lemma opnorm_add_le_joint:
  fixes G :: "'x::finite \<times> 'y::finite \<Rightarrow> complex^'n::finite^'n"
  assumes "psd A" "psd B" "is_POVM G" "0 \<le> t"
    and row: "\<And>v. Re (sesq A v v) \<le> (1 + t) * (\<Sum>y'\<in>UNIV. Re (sesq (G (x, y')) v v))"
    and column: "\<And>v. Re (sesq B v v) \<le> (1 + t) * (\<Sum>x'\<in>UNIV. Re (sesq (G (x', y)) v v))"
  shows "opnorm (A + B) \<le> (1 + t) * (1 + Re (trace (G (x, y))))"
proof (rule opnorm_psd_le)
  show "psd (A + B)"
    using assms by (simp add: psd_add)
  show "0 \<le> (1 + t) * (1 + Re (trace (G (x, y))))"
    using assms by (simp add: psd_trace_nonneg is_POVM_psd)
  fix v
  have "Re (sesq (A + B) v v)
      \<le> (1 + t) * ((\<Sum>y'\<in>UNIV. Re (sesq (G (x, y')) v v)) + (\<Sum>x'\<in>UNIV. Re (sesq (G (x', y)) v v)))"
    using row[of v] column[of v] by (simp add: sesq_add_matrix distrib_left)
  also have "\<dots> \<le> (1 + t) * (Re (sesq (G (x, y)) v v) + (norm v)\<^sup>2)"
    using assms sum_row_plus_sum_column_le[of "\<lambda>p. Re (sesq (G p) v v)" x y]
    by (intro mult_left_mono) (simp_all add: is_POVM_sum_sesq is_POVM_psd psd_sesq_self_nonneg)
  also have "\<dots> \<le> (1 + t) * (Re (trace (G (x, y))) * (norm v)\<^sup>2 + (norm v)\<^sup>2)"
    using assms by (intro mult_left_mono add_right_mono psd_sesq_self_le_trace is_POVM_psd) simp_all
  finally show "Re (sesq (A + B) v v) \<le> (1 + t) * (1 + Re (trace (G (x, y)))) * (norm v)\<^sup>2"
    by (simp add: algebra_simps)
qed

definition noisy_compatible ::
  "('x::finite \<Rightarrow> complex^'n::finite^'n) \<Rightarrow> ('y::finite \<Rightarrow> complex^'n^'n) \<Rightarrow> real \<Rightarrow> bool" where
  "noisy_compatible M1 M2 t \<longleftrightarrow>
     (\<exists>(N1 :: 'x \<Rightarrow> complex^'n^'n) (N2 :: 'y \<Rightarrow> complex^'n^'n).
        is_POVM N1 \<and> is_POVM N2 \<and>
        compatible (\<lambda>x. (1 / (1 + t)) *\<^sub>R (M1 x + t *\<^sub>R N1 x))
                   (\<lambda>y. (1 / (1 + t)) *\<^sub>R (M2 y + t *\<^sub>R N2 y)))"

lemma incomp_robustness_eq_Inf_noisy_compatible:
  "incomp_robustness M1 M2 = Inf {t. 0 \<le> t \<and> noisy_compatible M1 M2 t}"
  by (simp add: incomp_robustness_def noisy_compatible_def)

lemma sum_opnorm_le_of_noisy_compatible:
  fixes M1 :: "'x::finite \<Rightarrow> complex^'n::finite^'n" and M2 :: "'y::finite \<Rightarrow> complex^'n^'n"
  assumes "is_POVM M1" "is_POVM M2" "0 \<le> t" "noisy_compatible M1 M2 t"
  shows "(\<Sum>x\<in>UNIV. \<Sum>y\<in>UNIV. opnorm (M1 x + M2 y))
           \<le> (1 + t) * (real CARD('n) + real CARD('x) * real CARD('y))"
proof -
  obtain N1 N2 where N: "is_POVM N1" "is_POVM N2"
    and "compatible (\<lambda>x. (1 / (1 + t)) *\<^sub>R (M1 x + t *\<^sub>R N1 x))
                    (\<lambda>y. (1 / (1 + t)) *\<^sub>R (M2 y + t *\<^sub>R N2 y))"
    using assms(4) unfolding noisy_compatible_def by blast
  then obtain G :: "'x \<times> 'y \<Rightarrow> complex^'n^'n" where G: "is_POVM G"
    and row: "\<And>x. (\<Sum>y\<in>UNIV. G (x, y)) = (1 / (1 + t)) *\<^sub>R (M1 x + t *\<^sub>R N1 x)"
    and column: "\<And>y. (\<Sum>x\<in>UNIV. G (x, y)) = (1 / (1 + t)) *\<^sub>R (M2 y + t *\<^sub>R N2 y)"
    unfolding compatible_def by blast
  have entry: "opnorm (M1 x + M2 y) \<le> (1 + t) * (1 + Re (trace (G (x, y))))" for x y
  proof (rule opnorm_add_le_joint[OF is_POVM_psd[OF assms(1)] is_POVM_psd[OF assms(2)] G assms(3)])
    show "Re (sesq (M1 x) v v) \<le> (1 + t) * (\<Sum>y'\<in>UNIV. Re (sesq (G (x, y')) v v))" for v
      using sesq_le_noisy_mixture[OF is_POVM_psd[OF N(1), of x] assms(3), of "M1 x" v]
      by (simp add: row[symmetric] sesq_sum_matrix)
    show "Re (sesq (M2 y) v v) \<le> (1 + t) * (\<Sum>x'\<in>UNIV. Re (sesq (G (x', y)) v v))" for v
      using sesq_le_noisy_mixture[OF is_POVM_psd[OF N(2), of y] assms(3), of "M2 y" v]
      by (simp add: column[symmetric] sesq_sum_matrix)
  qed
  have "(\<Sum>x\<in>UNIV. \<Sum>y\<in>UNIV. opnorm (M1 x + M2 y))
      \<le> (\<Sum>x\<in>UNIV. \<Sum>y\<in>UNIV. (1 + t) * (1 + Re (trace (G (x, y)))))"
    by (intro sum_mono entry)
  also have "\<dots> = (1 + t) *
      (real CARD('x) * real CARD('y) + (\<Sum>x\<in>UNIV. \<Sum>y\<in>UNIV. Re (trace (G (x, y)))))"
    by (simp add: sum_distrib_left sum.distrib algebra_simps)
  also have "(\<Sum>x\<in>UNIV. \<Sum>y\<in>UNIV. Re (trace (G (x, y)))) = (\<Sum>p\<in>UNIV. Re (trace (G p)))"
    by (simp add: sum.cartesian_product)
  finally show ?thesis
    by (simp add: is_POVM_trace[OF G] algebra_simps)
qed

■ Task description: Every single entry is to be retyped exactly.

■ Solved problem:
lemma opnorm_add_le_joint:
  fixes G :: "'x::finite \<times> 'y::finite \<Rightarrow> complex^'n::finite^'n"
  assumes "psd A" "psd B" "is_POVM G" "0 \<le> t"
    and row: "\<And>v. Re (sesq A v v) \<le> (1 + t) * (\<Sum>y'\<in>UNIV. Re (sesq (G (x, y')) v v))"
    and column: "\<And>v. Re (sesq B v v) \<le> (1 + t) * (\<Sum>x'\<in>UNIV. Re (sesq (G (x', y)) v v))"
  shows "opnorm (A + B) \<le> (1 + t) * (1 + Re (trace (G (x, y))))"
proof (rule opnorm_psd_le)
  show "psd (A + B)"
    using assms by (simp add: psd_add)
  show "0 \<le> (1 + t) * (1 + Re (trace (G (x, y))))"
    using assms by (simp add: psd_trace_nonneg is_POVM_psd)
  fix v
  have "Re (sesq (A + B) v v)
      \<le> (1 + t) * ((\<Sum>y'\<in>UNIV. Re (sesq (G (x, y')) v v)) + (\<Sum>x'\<in>UNIV. Re (sesq (G (x', y)) v v)))"
    using row[of v] column[of v] by (simp add: sesq_add_matrix distrib_left)
  also have "\<dots> \<le> (1 + t) * (Re (sesq (G (x, y)) v v) + (norm v)\<^sup>2)"
    using assms sum_row_plus_sum_column_le[of "\<lambda>p. Re (sesq (G p) v v)" x y]
    by (intro mult_left_mono) (simp_all add: is_POVM_sum_sesq is_POVM_psd psd_sesq_self_nonneg)
  also have "\<dots> \<le> (1 + t) * (Re (trace (G (x, y))) * (norm v)\<^sup>2 + (norm v)\<^sup>2)"
    using assms by (intro mult_left_mono add_right_mono psd_sesq_self_le_trace is_POVM_psd) simp_all
  finally show "Re (sesq (A + B) v v) \<le> (1 + t) * (1 + Re (trace (G (x, y)))) * (norm v)\<^sup>2"
    by (simp add: algebra_simps)
qed

definition noisy_compatible ::
  "('x::finite \<Rightarrow> complex^'n::finite^'n) \<Rightarrow> ('y::finite \<Rightarrow> complex^'n^'n) \<Rightarrow> real \<Rightarrow> bool" where
  "noisy_compatible M1 M2 t \<longleftrightarrow>
     (\<exists>(N1 :: 'x \<Rightarrow> complex^'n^'n) (N2 :: 'y \<Rightarrow> complex^'n^'n).
        is_POVM N1 \<and> is_POVM N2 \<and>
        compatible (\<lambda>x. (1 / (1 + t)) *\<^sub>R (M1 x + t *\<^sub>R N1 x))
                   (\<lambda>y. (1 / (1 + t)) *\<^sub>R (M2 y + t *\<^sub>R N2 y)))"

lemma incomp_robustness_eq_Inf_noisy_compatible:
  "incomp_robustness M1 M2 = Inf {t. 0 \<le> t \<and> noisy_compatible M1 M2 t}"
  by (simp add: incomp_robustness_def noisy_compatible_def)

lemma sum_opnorm_le_of_noisy_compatible:
  fixes M1 :: "'x::finite \<Rightarrow> complex^'n::finite^'n" and M2 :: "'y::finite \<Rightarrow> complex^'n^'n"
  assumes "is_POVM M1" "is_POVM M2" "0 \<le> t" "noisy_compatible M1 M2 t"
  shows "(\<Sum>x\<in>UNIV. \<Sum>y\<in>UNIV. opnorm (M1 x + M2 y))
           \<le> (1 + t) * (real CARD('n) + real CARD('x) * real CARD('y))"
proof -
  obtain N1 N2 where N: "is_POVM N1" "is_POVM N2"
    and "compatible (\<lambda>x. (1 / (1 + t)) *\<^sub>R (M1 x + t *\<^sub>R N1 x))
                    (\<lambda>y. (1 / (1 + t)) *\<^sub>R (M2 y + t *\<^sub>R N2 y))"
    using assms(4) unfolding noisy_compatible_def by blast
  then obtain G :: "'x \<times> 'y \<Rightarrow> complex^'n^'n" where G: "is_POVM G"
    and row: "\<And>x. (\<Sum>y\<in>UNIV. G (x, y)) = (1 / (1 + t)) *\<^sub>R (M1 x + t *\<^sub>R N1 x)"
    and column: "\<And>y. (\<Sum>x\<in>UNIV. G (x, y)) = (1 / (1 + t)) *\<^sub>R (M2 y + t *\<^sub>R N2 y)"
    unfolding compatible_def by blast
  have entry: "opnorm (M1 x + M2 y) \<le> (1 + t) * (1 + Re (trace (G (x, y))))" for x y
  proof (rule opnorm_add_le_joint[OF is_POVM_psd[OF assms(1)] is_POVM_psd[OF assms(2)] G assms(3)])
    show "Re (sesq (M1 x) v v) \<le> (1 + t) * (\<Sum>y'\<in>UNIV. Re (sesq (G (x, y')) v v))" for v
      using sesq_le_noisy_mixture[OF is_POVM_psd[OF N(1), of x] assms(3), of "M1 x" v]
      by (simp add: row[symmetric] sesq_sum_matrix)
    show "Re (sesq (M2 y) v v) \<le> (1 + t) * (\<Sum>x'\<in>UNIV. Re (sesq (G (x', y)) v v))" for v
      using sesq_le_noisy_mixture[OF is_POVM_psd[OF N(2), of y] assms(3), of "M2 y" v]
      by (simp add: column[symmetric] sesq_sum_matrix)
  qed
  have "(\<Sum>x\<in>UNIV. \<Sum>y\<in>UNIV. opnorm (M1 x + M2 y))
      \<le> (\<Sum>x\<in>UNIV. \<Sum>y\<in>UNIV. (1 + t) * (1 + Re (trace (G (x, y)))))"
    by (intro sum_mono entry)
  also have "\<dots> = (1 + t) *
      (real CARD('x) * real CARD('y) + (\<Sum>x\<in>UNIV. \<Sum>y\<in>UNIV. Re (trace (G (x, y)))))"
    by (simp add: sum_distrib_left sum.distrib algebra_simps)
  also have "(\<Sum>x\<in>UNIV. \<Sum>y\<in>UNIV. Re (trace (G (x, y)))) = (\<Sum>p\<in>UNIV. Re (trace (G p)))"
    by (simp add: sum.cartesian_product)
  finally show ?thesis
    by (simp add: is_POVM_trace[OF G] algebra_simps)
qed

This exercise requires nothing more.